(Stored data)

(* Let $c_0>0$, $T>0$, and let $(\hat u,\hat v)$ be a smooth solution of the NLDE on $\mathbb{R}\times[0,T]$ with $\mathcal{M}_0,\mathcal{M}<\infty$. There exist constants $\hat C_2,\hat C_3>0$, depending only on $c_0,\mathcal{M}_0,\mathcal{M},m,\alpha,\beta$, such that for every $\tau\in(0,1)$, every time-splitting solution with mesh $\tau$ whose initial data satisfy $\sum_j(|u_j^0|^2+|v_j^0|^2)\tau\le c_0$, all $j\in\mathbb{Z}$, all integers $n\ge0$ with $(n+1)\tau\le T$, and all $s\in[0,\tau]$, $$\tilde{\mathcal{L}}_j^n(s)+\tilde{\mathcal{D}}_j^n(s)\le\hat C_2\big(\tilde{\mathcal{L}}_j^n(0)+\tilde{\mathcal{D}}_j^n(0)\big)+\hat C_3\mathcal{M}^2\tau.$$
   Context: Fix constants $m\ge 0$ and $\alpha,\beta\in\mathbb{R}$. The NLDE for $(u,v):\mathbb{R}\times[0,T]\to\mathbb{C}^2$ is $u_t+u_x=imv+i\alpha u|v|^2+2i\beta(\bar u v+u\bar v)v$, $v_t-v_x=imu+i\alpha v|u|^2+2i\beta(\bar u v+u\bar v)u$. Let (N) denote the ODE system on $\mathbb{C}^2$: $\frac{du}{ds}=imv+i\alpha u|v|^2+2i\beta(\bar u v+u\bar v)v$, $\frac{dv}{ds}=imu+i\alpha v|u|^2+2i\beta(\bar u v+u\bar v)u$. Time-splitting scheme with mesh $\tau>0$: given $(u_j^0,v_j^0)_{j\in\mathbb{Z}}\subset\mathbb{C}^2$ with $\sum_j(|u_j^0|^2+|v_j^0|^2)<\infty$, set $(u^{(\tau)},v^{(\tau)})(x,0)=(u_j^0,v_j^0)$ for $x\in[j\tau,(j+1)\tau)$. Inductively, once $(u^{(\tau)},v^{(\tau)})(\cdot,n\tau)$ is defined, set for $t\in[n\tau,(n+1)\tau)$: $u^{(\tau)}(x,t)=u^{(\tau)}(x-(t-n\tau),n\tau)$, $v^{(\tau)}(x,t)=v^{(\tau)}(x+(t-n\tau),n\tau)$; let $(u^{(\tau)},v^{(\tau)})(x,(n+1)\tau-)$ be the left limit in $t$; and for each $x$ define $(u^{(\tau)},v^{(\tau)})(x,(n+1)\tau)$ as the value at $s=\tau$ of the solution of (N) with value $(u^{(\tau)},v^{(\tau)})(x,(n+1)\tau-)$ at $s=0$ (this is globally well defined). Notation: $(u_j^n,v_j^n)=(u^{(\tau)},v^{(\tau)})(j\tau,n\tau)$, $(u_j^{n+1-},v_j^{n+1-})=(u^{(\tau)},v^{(\tau)})(j\tau,(n+1)\tau-)$; $(u_j^{n,2}(s),v_j^{n,2}(s))$, $s\in[0,\tau]$, is the solution of (N) with initial value $(u_j^{n+1-},v_j^{n+1-})$. Comparison quantities: $\mathcal{M}_0=\max_{\mathbb{R}\times[0,T]}(|\hat u|+|\hat v|+1)$, $\mathcal{M}=\max_{\mathbb{R}\times[0,T]}(|\hat u_t|+|\hat u_x|+|\hat v_t|+|\hat v_x|+1)$. For $s\in[0,\tau]$: $\mathcal{U}_j^n(s)=\hat u(j\tau+s,n\tau+s)-u_{j+1}^{n,2}(s)$, $\mathcal{V}_{j+2}^n(s)=\hat v((j+2)\tau-s,n\tau+s)-v_{j+1}^{n,2}(s)$, $\tilde{\mathcal{L}}_j^n(s)=|\mathcal{U}_j^n(s)|^2+|\mathcal{V}_{j+2}^n(s)|^2$, $\tilde{\mathcal{D}}_j^n(s)=|\mathcal{U}_j^n(s)|^2|v_{j+1}^{n,2}(s)|^2+|\mathcal{V}_{j+2}^n(s)|^2|u_{j+1}^{n,2}(s)|^2$. *)

theory Defs
  imports "HOL-Analysis.Analysis"
begin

→ TRY IT:
The answer must be the line containing "theory Defs" and every line after it through the end of the records, repeated exactly.

→ RESPONSE TO THIS EXERCISE:
theory Defs
  imports "HOL-Analysis.Analysis"
begin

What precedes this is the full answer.